Patients take action on early Alzheimer's

They're no longer willing to wait in silence

Of the 5 million people in the USA with Alzheimer's, about half are in the early stages of the disease, and some, like Richard Taylor, can still talk about the fear that goes along with daily memory loss.

Taylor was only 58 when he started experiencing the symptoms of Alzheimer's. Today, the 64-year-old resident of Houston no longer can drive. He no longer can work as a psychologist. His wife, Linda, works the 3-to-11 shift at a nearby hospital to pay the bills.

"I'm a little edgy," Taylor says, attributing his anxiety to the holes in his memory that come up with little warning and then disappear. Every day he has to deal with some new failing in his ability to think or remember. He forgets he has just had a conversation with his wife. He misplaces his shoes. He gets lost. Taylor knows that at some point, he will lose the ability to talk.

But Taylor refuses to sit around waiting for the incurable brain disease to decimate his mind. He's speaking out at universities, scientific conferences, Alzheimer's discussion groups and on his website (richardtaylorphd .com). And he has written Alzheimer's From the Inside Out (Health Professions Press, $18.95) about his memory loss with insight and compassion.

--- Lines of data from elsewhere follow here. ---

definition run_rectangles :: "nat \<Rightarrow> (nat \<Rightarrow> nat \<Rightarrow> bool) \<Rightarrow> (nat \<times> nat) set set" where
  "run_rectangles n M = (\<lambda>(i, a, b). run_stack n M i a b \<times> {a..<b}) ` run_starts n M"

lemma mem_run_rectangles:
  "S \<in> run_rectangles n M \<longleftrightarrow> (\<exists>i a b. run_start n M i a b \<and> S = run_stack n M i a b \<times> {a..<b})"
  unfolding run_rectangles_def run_starts_def by force

lemma finite_run_starts: "finite (run_starts n M)"
proof (rule finite_subset)
  show "run_starts n M \<subseteq> {..<n} \<times> {..<n} \<times> {..n}"
    unfolding run_starts_def run_start_def maximal_run_def by auto
qed simp

lemma run_stack_eq_interval:
  assumes "maximal_run n M i a b"
  shows "\<exists>e. i < e \<and> e \<le> n \<and> run_stack n M i a b = {i..<e}"
proof -
  define e where "e = (LEAST e. i < e \<and> \<not> maximal_run n M e a b)"
  have "i < n" using assms unfolding maximal_run_def by simp
  have e: "i < e \<and> \<not> maximal_run n M e a b"
    unfolding e_def by (rule LeastI[where P = "\<lambda>e. i < e \<and> \<not> maximal_run n M e a b" and k = n])
      (use \<open>i < n\<close> in \<open>simp add: maximal_run_def\<close>)
  have "e \<le> n" unfolding e_def by (rule Least_le[where P = "\<lambda>e. i < e \<and> \<not> maximal_run n M e a b"])
      (use \<open>i < n\<close> in \<open>simp add: maximal_run_def\<close>)
  have below: "maximal_run n M r a b" if "i \<le> r" "r < e" for r
    using assms not_less_Least[of r "\<lambda>e. i < e \<and> \<not> maximal_run n M e a b"] that
    unfolding e_def[symmetric] by (cases "r = i") auto
  have "run_stack n M i a b = {i..<e}"
  proof (intro equalityI subsetI)
    fix r assume "r \<in> run_stack n M i a b"
    then have r: "i \<le> r" "\<forall>r'\<in>{i..r}. maximal_run n M r' a b" unfolding run_stack_def by auto
    have "r < e"
    proof (rule ccontr)
      assume "\<not> r < e"
      then have "e \<in> {i..r}" using e by auto
      then show False using r(2) e by blast
    qed
    then show "r \<in> {i..<e}" using r(1) by simp
  next
    fix r assume "r \<in> {i..<e}"
    then show "r \<in> run_stack n M i a b" unfolding run_stack_def using below by auto
  qed
  then show ?thesis using e \<open>e \<le> n\<close> by blast
qed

Taylor and others like him say they must speak out for those who already have been silenced by the disease. They're asking for services to help them retain as much independence as possible. And they're urging researchers to find better treatments, such as a drug that might slow or stop the progress of the disease.

Gone are the days when the vast majority of people with Alzheimer's remained silent while others made decisions for them, says Chuck Jackson, 53, of Albany, Ore. He watched Alzheimer's kill his mother in 1973, and he is now in the early stages of the disease.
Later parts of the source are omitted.